TASK INPUT:
********
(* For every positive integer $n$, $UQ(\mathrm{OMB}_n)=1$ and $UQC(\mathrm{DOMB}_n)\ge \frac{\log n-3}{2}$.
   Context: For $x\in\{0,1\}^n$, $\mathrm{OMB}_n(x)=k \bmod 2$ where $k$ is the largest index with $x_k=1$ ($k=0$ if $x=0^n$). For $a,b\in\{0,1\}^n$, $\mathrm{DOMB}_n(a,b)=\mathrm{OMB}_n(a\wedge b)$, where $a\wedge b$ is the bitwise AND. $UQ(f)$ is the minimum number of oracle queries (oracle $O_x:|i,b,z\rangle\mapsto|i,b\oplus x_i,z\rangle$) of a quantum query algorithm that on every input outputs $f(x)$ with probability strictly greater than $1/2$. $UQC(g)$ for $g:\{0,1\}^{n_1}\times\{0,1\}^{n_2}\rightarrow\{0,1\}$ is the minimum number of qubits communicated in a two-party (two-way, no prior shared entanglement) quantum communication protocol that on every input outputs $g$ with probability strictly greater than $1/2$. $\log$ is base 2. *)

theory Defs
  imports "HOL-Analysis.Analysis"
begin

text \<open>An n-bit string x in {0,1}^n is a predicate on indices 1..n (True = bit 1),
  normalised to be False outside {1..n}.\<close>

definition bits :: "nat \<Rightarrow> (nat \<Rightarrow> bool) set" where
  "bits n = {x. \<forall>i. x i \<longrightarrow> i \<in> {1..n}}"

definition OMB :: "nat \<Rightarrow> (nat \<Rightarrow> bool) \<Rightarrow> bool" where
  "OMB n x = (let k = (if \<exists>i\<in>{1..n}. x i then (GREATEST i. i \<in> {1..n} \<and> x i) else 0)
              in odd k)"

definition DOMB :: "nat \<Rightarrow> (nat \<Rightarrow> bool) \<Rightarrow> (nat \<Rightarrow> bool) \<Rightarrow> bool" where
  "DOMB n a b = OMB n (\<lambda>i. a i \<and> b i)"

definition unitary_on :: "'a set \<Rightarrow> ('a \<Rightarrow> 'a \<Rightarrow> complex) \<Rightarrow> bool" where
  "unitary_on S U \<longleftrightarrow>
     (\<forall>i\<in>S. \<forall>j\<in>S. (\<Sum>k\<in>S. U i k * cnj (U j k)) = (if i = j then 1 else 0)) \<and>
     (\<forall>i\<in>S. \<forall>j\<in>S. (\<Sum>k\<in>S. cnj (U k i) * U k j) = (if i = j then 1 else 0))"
********
EXERCISE DIRECTIONS:
Would you restate the whole listing word for word?

TASK SOLUTION:
(* For every positive integer $n$, $UQ(\mathrm{OMB}_n)=1$ and $UQC(\mathrm{DOMB}_n)\ge \frac{\log n-3}{2}$.
   Context: For $x\in\{0,1\}^n$, $\mathrm{OMB}_n(x)=k \bmod 2$ where $k$ is the largest index with $x_k=1$ ($k=0$ if $x=0^n$). For $a,b\in\{0,1\}^n$, $\mathrm{DOMB}_n(a,b)=\mathrm{OMB}_n(a\wedge b)$, where $a\wedge b$ is the bitwise AND. $UQ(f)$ is the minimum number of oracle queries (oracle $O_x:|i,b,z\rangle\mapsto|i,b\oplus x_i,z\rangle$) of a quantum query algorithm that on every input outputs $f(x)$ with probability strictly greater than $1/2$. $UQC(g)$ for $g:\{0,1\}^{n_1}\times\{0,1\}^{n_2}\rightarrow\{0,1\}$ is the minimum number of qubits communicated in a two-party (two-way, no prior shared entanglement) quantum communication protocol that on every input outputs $g$ with probability strictly greater than $1/2$. $\log$ is base 2. *)

theory Defs
  imports "HOL-Analysis.Analysis"
begin

text \<open>An n-bit string x in {0,1}^n is a predicate on indices 1..n (True = bit 1),
  normalised to be False outside {1..n}.\<close>

definition bits :: "nat \<Rightarrow> (nat \<Rightarrow> bool) set" where
  "bits n = {x. \<forall>i. x i \<longrightarrow> i \<in> {1..n}}"

definition OMB :: "nat \<Rightarrow> (nat \<Rightarrow> bool) \<Rightarrow> bool" where
  "OMB n x = (let k = (if \<exists>i\<in>{1..n}. x i then (GREATEST i. i \<in> {1..n} \<and> x i) else 0)
              in odd k)"

definition DOMB :: "nat \<Rightarrow> (nat \<Rightarrow> bool) \<Rightarrow> (nat \<Rightarrow> bool) \<Rightarrow> bool" where
  "DOMB n a b = OMB n (\<lambda>i. a i \<and> b i)"

definition unitary_on :: "'a set \<Rightarrow> ('a \<Rightarrow> 'a \<Rightarrow> complex) \<Rightarrow> bool" where
  "unitary_on S U \<longleftrightarrow>
     (\<forall>i\<in>S. \<forall>j\<in>S. (\<Sum>k\<in>S. U i k * cnj (U j k)) = (if i = j then 1 else 0)) \<and>
     (\<forall>i\<in>S. \<forall>j\<in>S. (\<Sum>k\<in>S. cnj (U k i) * U k j) = (if i = j then 1 else 0))"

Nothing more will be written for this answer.